Cytolytic CD4⁺-T-Cell Clones Reactive to EBNA1 Inhibit Epstein-Barr Virus-Induced B-Cell Proliferation

In the absence of immune surveillance, Epstein-Barr virus (EBV)-infected B cells generate neoplasms in vivo and transformed cell lines in vitro. In an in vitro system which modeled the first steps of in vivo immune control over posttransplant lymphoproliferative disease and lymphomas, our investigators previously demonstrated that memory CD4⁺ T cells reactive to EBV were necessary and sufficient to prevent proliferation of B cells newly infected by EBV (S. Nikiforow et al., J. Virol. 75:3740-3752, 2001). Here, we show that three CD4⁺-T-cell clones reactive to the latent EBV antigen EBNA1 also prevent the proliferation of newly infected B cells from major histocompatibility complex (MHC) class II-matched donors, a crucial first step in the transformation process.
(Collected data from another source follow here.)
lemma cond_bind_pmf_first_stage:
  assumes H: "\<And>x y. x \<in> set_pmf P \<Longrightarrow> y \<in> set_pmf (N x) \<Longrightarrow> y \<in> H \<longleftrightarrow> x \<in> E"
    and neH: "set_pmf (bind_pmf P N) \<inter> H \<noteq> {}"
  shows "cond_pmf (bind_pmf P N) H = bind_pmf (cond_pmf P E) N"
proof (rule pmf_eqI)
  fix y
  have ne: "set_pmf P \<inter> E \<noteq> {}" using neH H by auto
  have "measure (bind_pmf P N) H = measure P E"
    using emeasure_bind_pmf_first_stage[OF H] by (simp add: measure_def)
  moreover have "measure P E > 0" using ne by (auto intro: measure_pmf_posI)
  ultimately have HE: "emeasure P E = ennreal (measure (bind_pmf P N) H)"
    "measure (bind_pmf P N) H > 0"
    by (simp_all add: measure_pmf.emeasure_eq_measure)
  have "ennreal (pmf (bind_pmf (cond_pmf P E) N) y)
      = (\<integral>\<^sup>+x. ennreal (pmf (N x) y) * indicator E x \<partial>P) / emeasure P E"
    unfolding ennreal_pmf_bind cond_pmf.rep_eq[OF ne] by (simp add: nn_integral_uniform_measure)
  also have "(\<integral>\<^sup>+x. ennreal (pmf (N x) y) * indicator E x \<partial>P)
      = (\<integral>\<^sup>+x. ennreal (pmf (N x) y) * indicator H y \<partial>P)"
    by (intro nn_integral_cong_AE AE_pmfI) (use H in \<open>auto simp: indicator_def set_pmf_eq\<close>)
  also have "(\<integral>\<^sup>+x. ennreal (pmf (N x) y) * indicator H y \<partial>P) / emeasure P E
      = ennreal (pmf (cond_pmf (bind_pmf P N) H) y)"
    using divide_ennreal[OF pmf_nonneg HE(2), of "bind_pmf P N" y]
    by (cases "y \<in> H") (simp_all add: pmf_cond[OF neH] ennreal_pmf_bind HE(1))
  finally show "pmf (cond_pmf (bind_pmf P N) H) y = pmf (bind_pmf (cond_pmf P E) N) y"
    by simp
qed

lemma map_cond_bind_pmf_first_stage:
  assumes H: "\<And>x y. x \<in> set_pmf P \<Longrightarrow> y \<in> set_pmf (N x) \<Longrightarrow> y \<in> H \<longleftrightarrow> x \<in> E"
    and neH: "set_pmf (bind_pmf P N) \<inter> H \<noteq> {}"
    and law: "\<And>x. x \<in> set_pmf P \<Longrightarrow> x \<in> E \<Longrightarrow> map_pmf Z (N x) = R"
  shows "map_pmf Z (cond_pmf (bind_pmf P N) H) = R"
proof -
  have ne: "set_pmf P \<inter> E \<noteq> {}" using neH H by auto
  have "map_pmf Z (bind_pmf (cond_pmf P E) N) = R"
    by (rule map_pmf_bind_pmf_const) (simp add: law set_cond_pmf[OF ne])
  then show ?thesis using cond_bind_pmf_first_stage[OF H neH] by simp
qed

lemma edge_pmf_marginals:
  assumes "p11 \<ge> 0" "p10 \<ge> 0" "p01 \<ge> 0" "p00 \<ge> 0" "p11 + p10 + p01 + p00 = 1"
  shows "map_pmf fst (edge_pmf p11 p10 p01 p00) = bernoulli_pmf (p11 + p10)"
    and "map_pmf snd (edge_pmf p11 p10 p01 p00) = bernoulli_pmf (p11 + p01)"
proof -
  have wf: "pmf_of_list_wf
      [((True, True), p11), ((True, False), p10), ((False, True), p01), ((False, False), p00)]"
    using assms by (auto simp: pmf_of_list_wf_def)
  show "map_pmf fst (edge_pmf p11 p10 p01 p00) = bernoulli_pmf (p11 + p10)"
    "map_pmf snd (edge_pmf p11 p10 p01 p00) = bernoulli_pmf (p11 + p01)"
    by (intro pmf_eqI, unfold pmf_map edge_pmf_def measure_pmf_of_list[OF wf],
        use assms in \<open>auto split: bool.split\<close>)+
qed

lemma er_bip2_marginals:
  assumes "p11 \<ge> 0" "p10 \<ge> 0" "p01 \<ge> 0" "p00 \<ge> 0" "p11 + p10 + p01 + p00 = 1"
    and "finite U"
  shows "map_pmf fst (er_bip2 U h p11 p10 p01 p00) = er_bip U h (p11 + p10)"
    and "map_pmf snd (er_bip2 U h p11 p10 p01 p00) = er_bip U h (p11 + p01)"
proof -
  have S: "finite (U \<times> {..<h})" using assms(6) by simp
  show "map_pmf fst (er_bip2 U h p11 p10 p01 p00) = er_bip U h (p11 + p10)"
    "map_pmf snd (er_bip2 U h p11 p10 p01 p00) = er_bip U h (p11 + p01)"
    unfolding er_bip_def er_bip2_def edge_pmf_marginals[OF assms(1-5), symmetric]
      Pi_pmf_map[OF S, of fst "(False, False)" False, simplified]
      Pi_pmf_map[OF S, of snd "(False, False)" False, simplified]
    by (simp_all add: map_pmf_comp o_def)
qed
EBNA1-reactive T-cell clones recognized B cells as early as 4 days after EBV infection through an HLA-DR-restricted interaction. They secreted Th1-type and Th2-type cytokines and lysed EBV-transformed established lymphoblastoid cell lines via a Fas/Fas ligand-dependent mechanism. Once specifically activated, they also caused bystander regression and bystander killing of non-MHC-matched EBV-infected B cells. Since EBNA1 is recognized by CD4⁺ T cells from nearly all EBV-seropositive individuals and evades detection by CD8⁺ T cells, EBNA1-reactive CD4⁺ T cells may control de novo expansion of B cells following EBV infection in vivo. Thus, EBNA1-reactive CD4⁺-T-cell clones may find use as adoptive immunotherapy against EBV-related lymphoproliferative disease and many other EBV-associated tumors.